● DATA LISTING
lemma act_triple_Xss:
  assumes "x \<in> Xss Hm" "g \<in> SU_group Hm"
  shows "act_triple g x \<in> Xss Hm" "pinv Hm (act_triple g x) = pinv Hm x"
proof -
  obtain v1 v2 v3 where V: "x = (cline v1, cline v2, cline v3)" "v1 \<noteq> 0" "v2 \<noteq> 0" "v3 \<noteq> 0"
    "hform Hm v1 v1 = 0" "hform Hm v2 v2 = 0" "hform Hm v3 v3 = 0"
    "hform Hm v1 v2 \<noteq> 0" "hform Hm v1 v3 \<noteq> 0" "hform Hm v2 v3 \<noteq> 0"
    using Xss_generators assms(1) by blast
  have nz: "g *v v1 \<noteq> 0" "g *v v2 \<noteq> 0" "g *v v3 \<noteq> 0"
    using V(8-10) SU_group_hform[OF assms(2)] by (metis hform_zero_left hform_zero_right)+
  show "act_triple g x \<in> Xss Hm"
    unfolding V(1) act_triple_cline using V nz
    by (intro cline_triple_in_Xss) (simp_all add: SU_group_hform[OF assms(2)])
  show "pinv Hm (act_triple g x) = pinv Hm x"
    unfolding V(1) act_triple_cline pinv_cline_triple[OF V(2-4)] pinv_cline_triple[OF nz]
    by (simp add: triple_product_def SU_group_hform[OF assms(2)])
qed

end

section \<open>The normal form of a semi-stable triple\<close>

definition frame_comb :: "('n \<Rightarrow> complex^'n) \<Rightarrow> 'n \<Rightarrow> 'n \<Rightarrow> 'n \<Rightarrow> complex \<Rightarrow> complex \<Rightarrow> complex
    \<Rightarrow> complex^'n" where
  "frame_comb F k a b x1 x2 x3 = x1 *s F k + x2 *s F a + x3 *s F b"

lemma hform_frame_comb:
  assumes "lorentz_frame Hm k F" and "a \<noteq> k" "b \<noteq> k" "a \<noteq> b"
  shows "hform Hm (frame_comb F k a b x1 x2 x3) (frame_comb F k a b y1 y2 y3)
    = - cnj x1 * y1 + cnj x2 * y2 + cnj x3 * y3"
  using assms by (simp add: frame_comb_def hform_simps lorentz_frame_hform lorentz_sign_def)

lemma matrix_vector_mult_frame_comb:
  assumes "\<forall>i. g *v F i = c *s e i"
  shows "(g :: complex^'n^'n) *v frame_comb F k a b x1 x2 x3 = c *s frame_comb e k a b x1 x2 x3"
  using assms
  by (simp add: frame_comb_def matrix_vector_right_distrib vector_scalar_commute vec_eq_iff algebra_simps)

definition inv_sqrt2 :: complex where
  "inv_sqrt2 = complex_of_real (1 / sqrt 2)"

lemma inv_sqrt2_simps: "cnj inv_sqrt2 = inv_sqrt2" "inv_sqrt2 * inv_sqrt2 = 1/2"
  "cnj inv_sqrt2 * inv_sqrt2 = 1/2" "inv_sqrt2 * (inv_sqrt2 * x) = x / 2"
  "cnj inv_sqrt2 * (inv_sqrt2 * x) = x / 2"
  by (simp_all add: inv_sqrt2_def mult.assoc[symmetric] flip: of_real_mult)

definition std_vectors :: "('n \<Rightarrow> complex^'n) \<Rightarrow> 'n \<Rightarrow> 'n \<Rightarrow> 'n \<Rightarrow> complex \<Rightarrow>
     (complex^'n) \<times> (complex^'n) \<times> (complex^'n)" where
  "std_vectors F k a b p = (frame_comb F k a b inv_sqrt2 inv_sqrt2 0,
     frame_comb F k a b inv_sqrt2 (- inv_sqrt2) 0,
     frame_comb F k a b (inv_sqrt2 * (1 - cnj p)) (inv_sqrt2 * (- 1 - cnj p))
       (complex_of_real (sqrt (-2 * Re p))))"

● WHAT THE TASK REQUIRES
Look at each line above and note whether it holds the word "Rightarrow". Report how many do, as the number only.

● RESPONSE TO THIS EXERCISE
3